La courbe des taux change aussi de dynamique. La hausse de la volatilité favorise la mise en œuvre de stratégies d’aplatissement. Le spread 5-30 ans s’est brutalement réduit de 20pb la semaine passée, ce qui est cohérent avec la stabilisation des points morts d’inflation malgré l’envolée du pétrole. En zone euro, la BCE n’a pas manqué d’intervenir verbalement pour limiter la hausse des taux. Les interventions hebdomadaires (arrêtées à mercredi) ne rendent pas totalement compte de l’activité de la banque centrale, par manque d’informations sur la répartition géographique et le choix des maturités. La flexibilité du QE (PEPP, APP) permet en outre des achats ciblés en cas de tensions. Le Bund s’est échangé jusqu’à -0,20% et ce mouvement s’est initialement décliné sur les spreads souverains ramenant le BTP italien au-delà du seuil des 100pb à 10 ans. L’Italie devrait lancer son premier emprunt vert cette semaine. L’Allemagne émettra une deuxième souche en mai avec un nouveau 30 ans.

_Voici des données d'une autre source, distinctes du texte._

(* Let $r\ge1$ and let $\tau$ be a permutation of $F^r$ with $\tau(\mathbf 0)=\mathbf 0$. The Steiner quadruple system $SQS_\tau$ is point transitive if and only if $\tau^{-1}\in\mathrm{GL}(r,2)\,\tau\,\mathrm{GL}(r,2)$, i.e. there are $A,B\in\mathrm{GL}(r,2)$ with $\tau^{-1}(x)=A\tau(Bx)$ for all $x\in F^r$.
   Context: $F=\mathrm{GF}(2)$, $\mathbf 0$ is the all-zero vector. The point set consists of the $2^{r+1}$ symbols $(\{a\},\emptyset)$ and $(\emptyset,\{a\})$, $a\in F^r$; a pair $(X,Y)$ with $X,Y\subseteq F^r$ denotes the set of points $\{(\{x\},\emptyset):x\in X\}\cup\{(\emptyset,\{y\}):y\in Y\}$. $SQS_\tau=Q_0\cup Q_1\cup Q_\tau$ where $Q_0=\{(\{a,b,c,d\},\emptyset): a,b,c,d\in F^r \text{ pairwise distinct}, a+b+c+d=\mathbf 0\}$, $Q_1=\{(\emptyset,\{a,b,c,d\}): a,b,c,d\in F^r \text{ pairwise distinct}, a+b+c+d=\mathbf 0\}$, $Q_\tau=\{(\{a,c\},\{b,d\}): a,b,c,d\in F^r, \tau(a+c)=b+d\neq\mathbf 0\}$. A Steiner quadruple system is point transitive if its automorphism group (permutations of points preserving the set of quadruples) acts transitively on its points. *)

theory Defs
  imports "HOL-Analysis.Analysis" "HOL-Library.Z2"
begin

text \<open>F = GF(2) is the field type bit; F^r is bit ^ 'n with CARD('n) = r.
  Points: Inl a stands for ({a},{}), Inr a stands for ({},{a}).\<close>

type_synonym 'n pt = "(bit ^ 'n) + (bit ^ 'n)"

definition Q0 :: "'n::finite pt set set" where
  "Q0 = {{Inl a, Inl b, Inl c, Inl d} | a b c d.
          distinct [a, b, c, d] \<and> a + b + c + d = 0}"

definition Q1 :: "'n::finite pt set set" where
  "Q1 = {{Inr a, Inr b, Inr c, Inr d} | a b c d.
          distinct [a, b, c, d] \<and> a + b + c + d = 0}"

definition Qtau :: "(bit ^ 'n \<Rightarrow> bit ^ 'n) \<Rightarrow> 'n::finite pt set set" where
  "Qtau \<tau> = {{Inl a, Inl c, Inr b, Inr d} | a b c d.
          \<tau> (a + c) = b + d \<and> b + d \<noteq> 0}"

definition SQS :: "(bit ^ 'n \<Rightarrow> bit ^ 'n) \<Rightarrow> 'n::finite pt set set" where
  "SQS \<tau> = Q0 \<union> Q1 \<union> Qtau \<tau>"

definition automorphism :: "('p \<Rightarrow> 'p) \<Rightarrow> 'p set set \<Rightarrow> bool" where
  "automorphism \<sigma> S \<longleftrightarrow> bij \<sigma> \<and> (\<lambda>Q. \<sigma> ` Q) ` S = S"

definition point_transitive :: "'p set set \<Rightarrow> bool" where
  "point_transitive S \<longleftrightarrow> (\<forall>p q. \<exists>\<sigma>. automorphism \<sigma> S \<and> \<sigma> p = q)"

end

theory Submission
  imports Defs
begin

(* Call a pair of points closed if, whenever {p, q, s, t} and {p, q, s', t'} are blocks, so is
   {s, t, s', t'}; automorphisms preserve closed pairs. Pairs on the same side are always closed,
   whereas a closed mixed pair forces \<tau> to be additive. Hence if \<tau> is not linear, an automorphism
   moving a left point to a right point swaps the two sides; the blocks of Q0 and Q1 make its two
   halves affine, and the blocks of Q\<tau> through 0 give \<tau> \<circ> R \<circ> \<tau> = P for their linear parts.
   Conversely, such P and R define the side swap Inl x \<mapsto> Inr (P x), Inr y \<mapsto> Inl (R y), which
   together with the translations acts transitively on the points. *)

instance bit :: finite
proof
  have "(UNIV :: bit set) = {0, 1}" by (auto intro: bit.exhaust)
  then show "finite (UNIV :: bit set)" by (metis finite.emptyI finite.insertI)
qed

lemma bit_vec_add_self [simp]: "(x :: bit ^ 'n) + x = 0"
proof -
  have "(b :: bit) + b = 0" for b by (cases b) simp_all
  then show ?thesis by (simp add: vec_eq_iff)
qed

lemma bit_vec_add_cancel_left [simp]: "(x :: bit ^ 'n) + (x + y) = y"
  by (simp add: add.assoc [symmetric])

lemma bit_vec_add_eq_0_iff: "(x :: bit ^ 'n) + y = 0 \<longleftrightarrow> x = y"
  by (metis bit_vec_add_cancel_left add_0_right)

lemma additive_if_preserves_planes:
  fixes f :: "bit ^ 'n \<Rightarrow> bit ^ 'm"
  assumes planes: "\<And>a b c d. distinct [a, b, c, d] \<Longrightarrow> a + b + c + d = 0 \<Longrightarrow>
                      f a + f b + f c + f d = 0"
  shows "Modules.additive (\<lambda>x. f x + f 0)"
proof
  fix x y :: "bit ^ 'n"
  have "f (x + y) + f 0 = f x + f y"
  proof (cases "x = 0 \<or> y = 0 \<or> x = y")
    case False
    then have "distinct [0, x, y, x + y]" by (auto simp: bit_vec_add_eq_0_iff)
    then have "f 0 + f x + f y + f (x + y) = 0" by (rule planes) (simp add: add_ac)
    then show ?thesis by (simp add: bit_vec_add_eq_0_iff add_ac)
  qed (auto simp: add_ac)
  then show "f (x + y) + f 0 = (f x + f 0) + (f y + f 0)" by (simp add: add_ac)
qed

lemma bit_vec_additive_imp_linear:
  fixes h :: "bit ^ 'n \<Rightarrow> bit ^ 'm"
  assumes "Modules.additive h"
  shows "Vector_Spaces.linear (*s) (*s) h"
proof
  fix c :: bit and x
  show "h (c *s x) = c *s h x"
    using additive.zero [OF assms] by (cases c) simp_all
qed (simp add: additive.add [OF assms])

definition additive_bij :: "('a::ab_group_add \<Rightarrow> 'a) \<Rightarrow> bool" where
  "additive_bij h \<longleftrightarrow> Modules.additive h \<and> bij h"

lemma additive_bij_inv:
  assumes "additive_bij h"
  shows "additive_bij (inv h)"
proof -
  have h: "Modules.additive h" "bij h" using assms additive_bij_def by auto
  have "inv h (x + y) = inv h x + inv h y" for x y
  proof -
    have "h (inv h x + inv h y) = x + y"
      using h by (simp add: additive.add bij_is_surj surj_f_inv_f)
    then show ?thesis using h(2) by (simp add: bij_is_inj inv_f_eq)
  qed
  then show ?thesis using h(2) by (simp add: additive_bij_def additive.intro bij_imp_bij_inv)
qed

lemma additive_bij_if_inj_preserves_planes:
  fixes f :: "bit ^ 'n \<Rightarrow> bit ^ 'n"
  assumes "\<And>a b c d. distinct [a, b, c, d] \<Longrightarrow> a + b + c + d = 0 \<Longrightarrow> f a + f b + f c + f d = 0"
    and "inj f"
  shows "additive_bij (\<lambda>x. f x + f 0)"
proof -
  have "inj (\<lambda>x. f x + f 0)" using assms(2) by (simp add: inj_def)
  then have "bij (\<lambda>x. f x + f 0)" by (simp add: bijI finite_UNIV_inj_surj)
  then show ?thesis using additive_if_preserves_planes [OF assms(1)] by (simp add: additive_bij_def)
qed

lemma additive_bij_matrixE:
  fixes h :: "bit ^ 'n \<Rightarrow> bit ^ 'n"
  assumes "additive_bij h"
  obtains M where "invertible M" and "h = (*v) M"
proof
  have h: "Modules.additive h" "bij h" using assms additive_bij_def by auto
  show M: "h = (*v) (matrix h)"
    using matrix_vector_mul(1) [OF bit_vec_additive_imp_linear [OF h(1)]] by (simp add: fun_eq_iff)
  show "invertible (matrix h)"
    unfolding invertible_left_inverse matrix_left_invertible_injective
    using M bij_is_inj [OF h(2)] by metis
qed

lemma invertible_matrix_additive_bij:
  fixes M :: "bit ^ 'n ^ 'n"
  assumes "invertible M"
  shows "additive_bij ((*v) M)"
proof -
  have "Modules.additive ((*v) M)" by standard (simp add: matrix_vector_right_distrib)
  moreover obtain M' where "M ** M' = mat 1" "M' ** M = mat 1" using assms invertible_def by blast
  then have "bij ((*v) M)"
    by (intro o_bij [where g = "(*v) M'"]) (simp_all add: fun_eq_iff matrix_vector_mul_assoc)
  ultimately show ?thesis by (simp add: additive_bij_def)
qed

(* \<tau> \<circ> R \<circ> \<tau> = P is the double-coset condition \<tau>\<^sup>-\<^sup>1 = R \<circ> \<tau> \<circ> P\<^sup>-\<^sup>1 with the inverses cleared. *)
definition inv_in_double_coset :: "('a::ab_group_add \<Rightarrow> 'a) \<Rightarrow> bool" where
  "inv_in_double_coset \<tau> \<longleftrightarrow> (\<exists>P R. additive_bij P \<and> additive_bij R \<and> (\<forall>y. \<tau> (R (\<tau> y)) = P y))"

lemma additive_bij_imp_inv_in_double_coset:
  assumes "additive_bij \<tau>"
  shows "inv_in_double_coset \<tau>"
proof -
  have "\<tau> (inv \<tau> (\<tau> y)) = \<tau> y" for y using assms by (simp add: additive_bij_def bij_is_inj)
  then show ?thesis
    unfolding inv_in_double_coset_def using assms additive_bij_inv [OF assms] by blast
qed

lemma inv_in_double_coset_iff_matrices:
  fixes \<tau> :: "bit ^ 'n \<Rightarrow> bit ^ 'n"
  assumes "bij \<tau>"
  shows "(\<exists>A B :: bit ^ 'n ^ 'n. invertible A \<and> invertible B \<and> (\<forall>x. inv \<tau> x = A *v \<tau> (B *v x)))
     \<longleftrightarrow> inv_in_double_coset \<tau>"
proof
  assume "\<exists>A B :: bit ^ 'n ^ 'n. invertible A \<and> invertible B \<and> (\<forall>x. inv \<tau> x = A *v \<tau> (B *v x))"
  then obtain A B :: "bit ^ 'n ^ 'n" where A: "invertible A" and B: "invertible B"
    and AB: "\<And>x. inv \<tau> x = A *v \<tau> (B *v x)" by blast
  have B': "additive_bij (inv ((*v) B))"
    using additive_bij_inv invertible_matrix_additive_bij [OF B] by blast
  have "\<tau> (A *v \<tau> y) = inv ((*v) B) y" for y
    using AB [of "inv ((*v) B) y"] assms invertible_matrix_additive_bij [OF B]
    by (metis additive_bij_def bij_inv_eq_iff)
  then show "inv_in_double_coset \<tau>"
    unfolding inv_in_double_coset_def using invertible_matrix_additive_bij [OF A] B' by blast
next
  assume "inv_in_double_coset \<tau>"
  then obtain P R where P: "additive_bij P" and R: "additive_bij R"
    and PR: "\<And>y. \<tau> (R (\<tau> y)) = P y" unfolding inv_in_double_coset_def by blast
  obtain A where A: "invertible A" "R = (*v) A"
    using R additive_bij_matrixE by blast
  obtain B where B: "invertible B" "inv P = (*v) B"
    using additive_bij_inv [OF P] additive_bij_matrixE by blast
  have "inv \<tau> x = R (\<tau> (inv P x))" for x
    using PR [of "inv P x"] P assms by (metis additive_bij_def bij_inv_eq_iff)
  then show "\<exists>A B :: bit ^ 'n ^ 'n. invertible A \<and> invertible B \<and> (\<forall>x. inv \<tau> x = A *v \<tau> (B *v x))"
    using A B by metis
qed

La hausse des rendements provoque des réallocations d’actifs par les investisseurs finaux. Aux Etats-Unis comme en zone euro, les fonds de crédit, de dette émergente en dollars ou encore de high yield enregistrent des sorties de fonds. Les spreads de crédit s’écartent légèrement. L’investment grade en euros s’élargit de 3pb contre Bund à 89pb. Le high yield sous-performe (+6pb sur la semaine) mais conserve l’essentiel du rally de février (-34pb).

La tendance s’inverse sur les actions. Le Nasdaq a corrigé de 5% et seule l’énergie (pétrole en hausse, faible bêta) surnage. Le VIX a retouché 30% trois fois dans la semaine. En zone euro, la pentification de la courbe des taux profite aux banques qui reprennent 20% sur un mois contre 3% pour l’EuroStoxx. Les matières premières et les cycliques bénéficient du rebond du billet vert. Enfin, la faiblesse du yen (107 contre dollar) entraine un rebond du Nikkei. L’indice nippon est le plus performant en 2021 (+8%) parmi les principaux indices (+1,5% pour le S&P, +3,5% pour l’EuroStoxx 50 et 2,3% à Shanghai).